Après les fabuleux Fils de Joie et L’enfer, voici ici notre troisième coup de cœur de l’album. Déclaration est le morceau féministe par excellence. Stromae dénonce ici les dangers du patriarcat, les négligences néfastes de la condition des femmes, et tous les préjugés qui ont la peau dure et persistent encore malgré une mentalité qui tend à évoluer. « C’est toujours mieux vu d’être un salaud qu’une salope » ou encore « Pardonne-moi, on n’nait pas misogyne, on le devient » sont des exemples de punchline particulièrement acerbes et tristement vraies que l’ont trouve dans ces paroles. La musique est lente, entêtante, avec des mélodies rappelant les gammes asiatiques. Encore une fois, on retrouve sur les refrains la présence de voix de tête, grosse nouveauté pour ce nouvel album.

 

Mauvaise journée

Avant dernier morceau de MultitudeMauvaise Journée se présente en diptyque avec le morceau suivant, Bonne Journée. On décrit au cours de ces deux morceaux l’ambivalence des épisodes dépressifs, avec des journées où on est au fond, et des journées où on est au top. Mauvaise Journée décrit donc le verre à moitié vide, quand tout va mal et qu’on ne veut plus rien faire. Stromae a fait le choix d’utiliser une section de cuivres pour ce morceau, ce qui rajoute de la lourdeur à son propos.

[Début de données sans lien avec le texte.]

(* Let $g$ be any classifier (possibly depending on the data) and $\hat\eta$ an estimator of $\eta$ constructed on $\mathcal{D}_n$, and suppose $\mathbb{E}_{X\mid S=s}[\hat\eta(X,s)]>0$ and $\hat{\mathbb{E}}_{X\mid S=s}[\hat\eta(X,s)]>0$ for $s\in\{0,1\}$. Then almost surely $$\Delta(g,\mathbb{P})\le \hat\Delta(g,\mathbb{P})+\sum_{s\in\{0,1\}}\Bigg(2\frac{\mathbb{E}_{X\mid S=s}|\eta(X,s)-\hat\eta(X,s)|}{\mathbb{P}(Y=1\mid S=s)}+\frac{\big|(\mathbb{E}_{X\mid S=s}-\hat{\mathbb{E}}_{X\mid S=s})[\hat\eta(X,s)g(X,s)]\big|}{\mathbb{E}_{X\mid S=s}[\hat\eta(X,s)]}+\frac{\big|(\hat{\mathbb{E}}_{X\mid S=s}-\mathbb{E}_{X\mid S=s})[\hat\eta(X,s)]\big|}{\mathbb{E}_{X\mid S=s}[\hat\eta(X,s)]}\Bigg).$$
   Context: Let $(X,S,Y)$ be a random tuple in $\mathbb{R}^d\times\{0,1\}\times\{0,1\}$ with joint distribution $\mathbb{P}$, where $\mathbb{P}(S=1)\in(0,1)$ and $\mathbb{P}(Y=1\mid S=s)>0$ for $s\in\{0,1\}$. A classifier is a measurable map $g:\mathbb{R}^d\times\{0,1\}\to\{0,1\}$. The regression function is $\eta(x,s)=\mathbb{P}(Y=1\mid X=x,S=s)$; $\mathbb{E}_{X\mid S=s}$ is expectation w.r.t. the conditional law of $X$ given $S=s$ (over a fresh independent $X$, with data held fixed). Unfairness: $\Delta(g,\mathbb{P})=|\mathbb{P}(g(X,S)=1\mid S=1,Y=1)-\mathbb{P}(g(X,S)=1\mid S=0,Y=1)|$. Data: labeled $\mathcal{D}_n$ i.i.d. from $\mathbb{P}$ and independent unlabeled $\mathcal{D}_N=\{(X_i,S_i)\}$ i.i.d. from the law of $(X,S)$, containing points of both groups; $\hat\eta:\mathbb{R}^d\times\{0,1\}\to[0,1]$ is built from $\mathcal{D}_n$ only; $\hat{\mathbb{E}}_{X\mid S=s}$ is expectation w.r.t. the empirical distribution of $\{X:(X,S)\in\mathcal{D}_N,S=s\}$. Empirical unfairness: $$\hat\Delta(g,\mathbb{P})=\Big|\frac{\hat{\mathbb{E}}_{X\mid S=1}[\hat\eta(X,1)g(X,1)]}{\hat{\mathbb{E}}_{X\mid S=1}[\hat\eta(X,1)]}-\frac{\hat{\mathbb{E}}_{X\mid S=0}[\hat\eta(X,0)g(X,0)]}{\hat{\mathbb{E}}_{X\mid S=0}[\hat\eta(X,0)]}\Big|.$$ *)

theory Defs
  imports "HOL-Probability.Probability"
begin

Le morceau en ternaire avec un ostinato rythmique comprenant un passage en binaire rajoute une couche de lourdeur à cette chanson, qui donne l’impression de se traîner. Un bel exemple de composition musicale à l’image du propos des paroles.

 

Bonne journée

Par opposition à la chanson précédente, Bonne journée représente ici le verre à moitié plein, quand tout va bien et que tout nous réussi. Les paroles sont écrites tel un miroir des paroles de Mauvaise Journée. Les mêmes thématiques sont abordées dans le même ordre, mais de manière contraire. Le diptyque musical est une vision artistique très intéressante que je n’avais encore jamais rencontrée. On est ici sur une instru très trap, assez éloignée de ce que Stromae fait habituellement. Cependant, on reconnaît bien sa touche et la ligne directrice de l’album, puisqu’on retrouve de nombreux instruments du monde entier qui viennent ponctuer la chanson.

 

En conlusion

Stromae nous présente une multitude de choses dans son album qui porte bien son nom. Des instruments de musique venus des quatre coins du monde, des mélodies et rythmiques variées et originales, des textes toujours aussi engagés, tantôt drôles tantôt poignants. Cet album est un bijou de composition. Le maestro réussi le pari fou d’être à la fois là où on l’attendait mais aussi là où on ne l’attendait pas. Véritable artiste complet, Stromae n’a pas fini de nous surprendre. Et pour avoir eu la chance d’assister à son concert à l’Accor Arena fin février, nous pouvons d’ores et déjà vous dire que les concerts seront à la hauteur de cet album ! Chapeau le maestro !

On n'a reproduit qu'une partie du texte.